Don’t let another round of reports about the Affordable Care Act’s supposed demise deter you from buying health insurance through MNsure, the state’s online marketplace.
Open enrollment, that annual window of time to buy coverage for the coming year, begins Nov. 1. The protections and aid provided by the law, which has survived two major legal challenges and now faces a third, won’t instantly disappear even if a federal appeals court delivers an adverse ruling in the coming days or weeks.
MNsure, the marketplace established under the law, will still be open for business. And, consumers who buy insurance on their own will still be able to qualify for instant financial discounts available through the law to help pay monthly insurance premiums in 2020. The total amount of aid provided to help Minnesotans buy coverage this year: $225 million.
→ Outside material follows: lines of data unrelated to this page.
lemma edge_load_ge_2:
  assumes "finite P" "strong_separating E P" "p \<in> P" "e \<in> path_edges_at x p"
  shows "2 \<le> edge_load P x e"
proof (cases "card (path_edges_at x p) = 1")
  case True
  then show ?thesis
    using sum_incidence_weight_le_edge_load[of P "{p}" e x] assms
    unfolding incidence_weight_def by simp
next
  case False
  have p_path: "is_path E p" using assms(2,3) by (rule strong_separating_is_path)
  have "card (path_edges_at x p) \<noteq> 0"
    using assms(4) finite_path_edges_at[of x p] by (auto simp: card_eq_0_iff)
  moreover note card_path_edges_at_le_2[OF is_path_distinct[OF p_path], of x]
  ultimately have "card (path_edges_at x p) = 2" using False by linarith
  then obtain h where h: "h \<in> path_edges_at x p" "h \<noteq> e"
    using assms(4) by (metis card_2_iff insert_iff)
  have "e \<in> E" "h \<in> E"
    using assms(4) h(1) path_edges_subset[OF p_path] unfolding path_edges_at_def by auto
  then obtain q where q: "q \<in> P" "e \<in> path_edges q" "h \<notin> path_edges q"
    using strong_separatingD[OF assms(2)] h(2) by blast
  have "q \<noteq> p" using q(3) h(1) unfolding path_edges_at_def by auto
  moreover have "e \<in> path_edges_at x q" using q(2) assms(4) unfolding path_edges_at_def by auto
  ultimately have "(\<Sum>r\<in>{p, q}. incidence_weight x r) \<le> edge_load P x e"
    using sum_incidence_weight_le_edge_load[of P "{p, q}"] assms q(1) by simp
  moreover have "(\<Sum>r\<in>{p, q}. incidence_weight x r) \<ge> 2"
    using \<open>q \<noteq> p\<close> unfolding incidence_weight_def by simp
  ultimately show ?thesis by linarith
qed

lemma edge_load_first_edge_ge_3:
  assumes "finite P" "strong_separating E P" "p \<in> P" "3 \<le> length p"
  shows "3 \<le> edge_load P (p ! 0) {p ! 0, p ! 1}"
proof -
  let ?e = "{p ! 0, p ! 1}" and ?f = "{p ! 1, p ! 2}"
  have p_path: "is_path E p" using assms(2,3) by (rule strong_separating_is_path)
  then have "distinct p" by (rule is_path_distinct)
  moreover have "2 \<le> length p" using assms(4) by simp
  ultimately have p_at: "path_edges_at (p ! 0) p = {?e}"
    by (rule path_edges_at_first)
  have "?f \<in> path_edges p"
    using assms(4) unfolding path_edges_def by (auto intro!: exI[of _ 1] simp: numeral_2_eq_2)
  moreover have "?e \<noteq> ?f"
  proof -
    have "0 < length p" "1 < length p" "2 < length p" using assms(4) by linarith+
    then have "p ! 0 \<noteq> p ! 1" "p ! 0 \<noteq> p ! 2"
      using nth_eq_iff_index_eq[OF \<open>distinct p\<close>, of 0 1]
        nth_eq_iff_index_eq[OF \<open>distinct p\<close>, of 0 2] by simp_all
    then show ?thesis by (auto simp: doubleton_eq_iff)
  qed
  moreover have "?e \<in> path_edges p" using p_at unfolding path_edges_at_def by blast
  ultimately obtain q where q: "q \<in> P" "?e \<in> path_edges q" "?f \<notin> path_edges q"
    using strong_separatingD[OF assms(2)] path_edges_subset[OF p_path] by blast
  have "q \<noteq> p" using q(3) \<open>?f \<in> path_edges p\<close> by blast
  moreover have "?e \<in> path_edges_at (p ! 0) q" using q(2) unfolding path_edges_at_def by simp
  ultimately have "(\<Sum>r\<in>{p, q}. incidence_weight (p ! 0) r) \<le> edge_load P (p ! 0) ?e"
    using sum_incidence_weight_le_edge_load[of P "{p, q}"] assms(1,3) q(1) p_at by simp
  moreover have "(\<Sum>r\<in>{p, q}. incidence_weight (p ! 0) r) \<ge> 3"
    using \<open>q \<noteq> p\<close> p_at unfolding incidence_weight_def by simp
  ultimately show ?thesis by linarith
qed

lemma incident_edge_load_ge_2:
  assumes "finite E" "finite P" "strong_separating E P"
    and "2 \<le> card (incident_edges E x)" "e \<in> incident_edges E x"
  shows "2 \<le> edge_load P x e"
proof -
  have "\<not> incident_edges E x \<subseteq> {e}"
    using assms(4) card_mono[of "{e}" "incident_edges E x"] by auto
  then obtain f where "f \<in> E" "f \<noteq> e" unfolding incident_edges_def by blast
  then obtain p where p: "p \<in> P" "e \<in> path_edges p"
    using strong_separatingD[OF assms(3)] assms(5) unfolding incident_edges_def by blast
  have "e \<in> path_edges_at x p"
    using p(2) assms(5) unfolding path_edges_at_def incident_edges_def by blast
  from edge_load_ge_2[OF assms(2,3) p(1) this] show ?thesis .
qed

lemma degree_edge_load_le_card_paths_through:
  assumes "finite E" "finite P" "strong_separating E P"
    and "2 \<le> card (incident_edges E x)" "e \<in> incident_edges E x"
  shows "2 * (card (incident_edges E x) - 1) + edge_load P x e \<le> 2 * card (paths_through P x)"
proof -
  let ?I = "incident_edges E x"
  have fin: "finite ?I" using assms(1) unfolding incident_edges_def by simp
  have "2 * card (?I - {e}) \<le> (\<Sum>f\<in>?I - {e}. edge_load P x f)"
    using sum_bounded_below[of "?I - {e}" 2 "edge_load P x"] incident_edge_load_ge_2[OF assms(1-4)]
    by (simp add: mult.commute)
  moreover have "(\<Sum>f\<in>?I. edge_load P x f) = edge_load P x e + (\<Sum>f\<in>?I - {e}. edge_load P x f)"
    using fin assms(5) by (rule sum.remove)
  moreover have "(\<Sum>f\<in>?I. edge_load P x f) = 2 * card (paths_through P x)"
    using strong_separating_is_path[OF assms(3)] by (intro sum_edge_load[OF assms(1,2)]) blast
  moreover have "card (?I - {e}) = card ?I - 1"
    using assms(5) by (rule card_Diff_singleton)
  ultimately show ?thesis by linarith
qed

lemma degree_le_card_paths_through:
  assumes "finite E" "finite P" "strong_separating E P" "2 \<le> card (incident_edges E x)"
  shows "card (incident_edges E x) \<le> card (paths_through P x)"
proof -
  have "incident_edges E x \<noteq> {}" using assms(4) by auto
  then obtain e where e: "e \<in> incident_edges E x" by blast
  show ?thesis
    using degree_edge_load_le_card_paths_through[OF assms e] incident_edge_load_ge_2[OF assms e] by linarith
qed

lemma degree_less_card_paths_through_first:
  assumes "finite E" "finite P" "strong_separating E P" "2 \<le> card (incident_edges E (p ! 0))"
    and "p \<in> P" "3 \<le> length p"
  shows "card (incident_edges E (p ! 0)) < card (paths_through P (p ! 0))"
proof -
  have "{p ! 0, p ! 1} \<in> path_edges p"
    using assms(6) unfolding path_edges_def by force
  then have "{p ! 0, p ! 1} \<in> incident_edges E (p ! 0)"
    using path_edges_subset[OF strong_separating_is_path[OF assms(3,5)]]
    unfolding incident_edges_def by auto
  from degree_edge_load_le_card_paths_through[OF assms(1-4) this] edge_load_first_edge_ge_3[OF assms(2,3,5,6)]
  show ?thesis by linarith
qed

definition single_edge_paths :: "'a set set \<Rightarrow> 'a list set" where
  "single_edge_paths E = {[u, v] | u v. {u, v} \<in> E \<and> u \<noteq> v}"

lemma path_edges_single_edge: "path_edges [u, v] = {{u, v}}"
  unfolding path_edges_def by auto

lemma strong_separating_single_edge_paths:
  assumes "\<forall>e\<in>E. card e = 2"
  shows "strong_separating E (single_edge_paths E)"
  unfolding strong_separating_def
proof (intro conjI ballI impI)
  fix p assume "p \<in> single_edge_paths E"
  then show "is_path E p"
    unfolding single_edge_paths_def is_path_def by (auto simp: less_Suc_eq)
next
  fix e f assume "e \<in> E" "f \<in> E" "e \<noteq> f"
  then obtain u v where uv: "e = {u, v}" "u \<noteq> v" using assms by (meson card_2_iff)
  then have "[u, v] \<in> single_edge_paths E"
    using \<open>e \<in> E\<close> unfolding single_edge_paths_def by blast
  moreover have "e \<in> path_edges [u, v]" "f \<notin> path_edges [u, v]"
    using uv(1) \<open>e \<noteq> f\<close> by (simp_all add: path_edges_single_edge)
  ultimately show "\<exists>p\<in>single_edge_paths E. e \<in> path_edges p \<and> f \<notin> path_edges p"
    by blast
qed

lemma finite_single_edge_paths:
  assumes "finite E" "\<forall>e\<in>E. card e = 2"
  shows "finite (single_edge_paths E)"
proof -
  have "finite e" if "e \<in> E" for e
    using assms(2) that card.infinite by fastforce
  then have "finite (\<Union>E)" using assms(1) by blast
  moreover have "single_edge_paths E \<subseteq> (\<lambda>(u, v). [u, v]) ` (\<Union>E \<times> \<Union>E)"
    unfolding single_edge_paths_def by auto
  ultimately show ?thesis by (auto intro: finite_subset)
qed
MNsure remains the only purchasing portal where Minnesotans can access this assistance. The website is already open for “window shopping” to allow consumers to comparison shop before open enrollment starts. Minnesotans will also have eight more days to shop for 2020 insurance than consumers in many other states. The last day to buy coverage here is Dec. 23. That’s more than a week longer than consumers have in states that chose not to set up their own marketplace and instead rely on the federally run HealthCare.gov.
That the ACA, enacted under President Barack Obama in 2010, faces legal uncertainty again is frustrating. In the first challenge to it, opponents argued that the law was unconstitutional because it required consumers to have health insurance. In this latest challenge, the law’s opponents claim it’s now unconstitutional because the law essentially doesn’t have that requirement. In 2017, Congress reduced the penalty to $0 for not having coverage.
The legal reasoning is dubious, but a Texas district court judge bought it last December. An appeal was filed and the nation is now awaiting the ruling from a three-judge panel on the Fifth Circuit Court of Appeals in New Orleans. In an unusual move, the Trump administration chose not to fulfill the traditional obligation of defending a federal law but instead advocated for it to be struck down.
If the ruling is appealed to the U.S. Supreme Court, which is expected no matter how the Fifth Circuit rules, the process will take time. That’s why consumers can shop for 2020 coverage with confidence, no matter how the ruling comes down.
Consumers, however, should worry about future access to insurance. If the Supreme Court invalidates the ACA, it could be dismantled, ending the law’s pre-existing condition protections, its subsidies to buy coverage, and its measures to close the prescription medication “doughnut hole” for seniors on Medicare. Expanded eligibility for Medicaid, a public program for the poor, could also be rolled back. An estimated 21 million Americans would be at risk of losing their health coverage, according to a recent New York Times analysis.
“Millions of Americans have found peace of mind in not worrying that their pre-existing condition will cost them their health or have been covered for the first time since the ACA,” said Minnesota health care advocate and former health care executive Andy Slavitt. “For Trump to encourage the courts to put all that at risk is a radical sellout of the people he swore an oath to protect. And for the courts to cynically ignore the law and oblige this political folly is a full circle betrayal.”
A recent poll suggests that the legal challenge has created consumer uncertainty about enrolling during open enrollment this year. For now, those relying on the ACA for access should shop and buy coverage as normal — and hope they’ll be able to tap the law’s help again in years to come.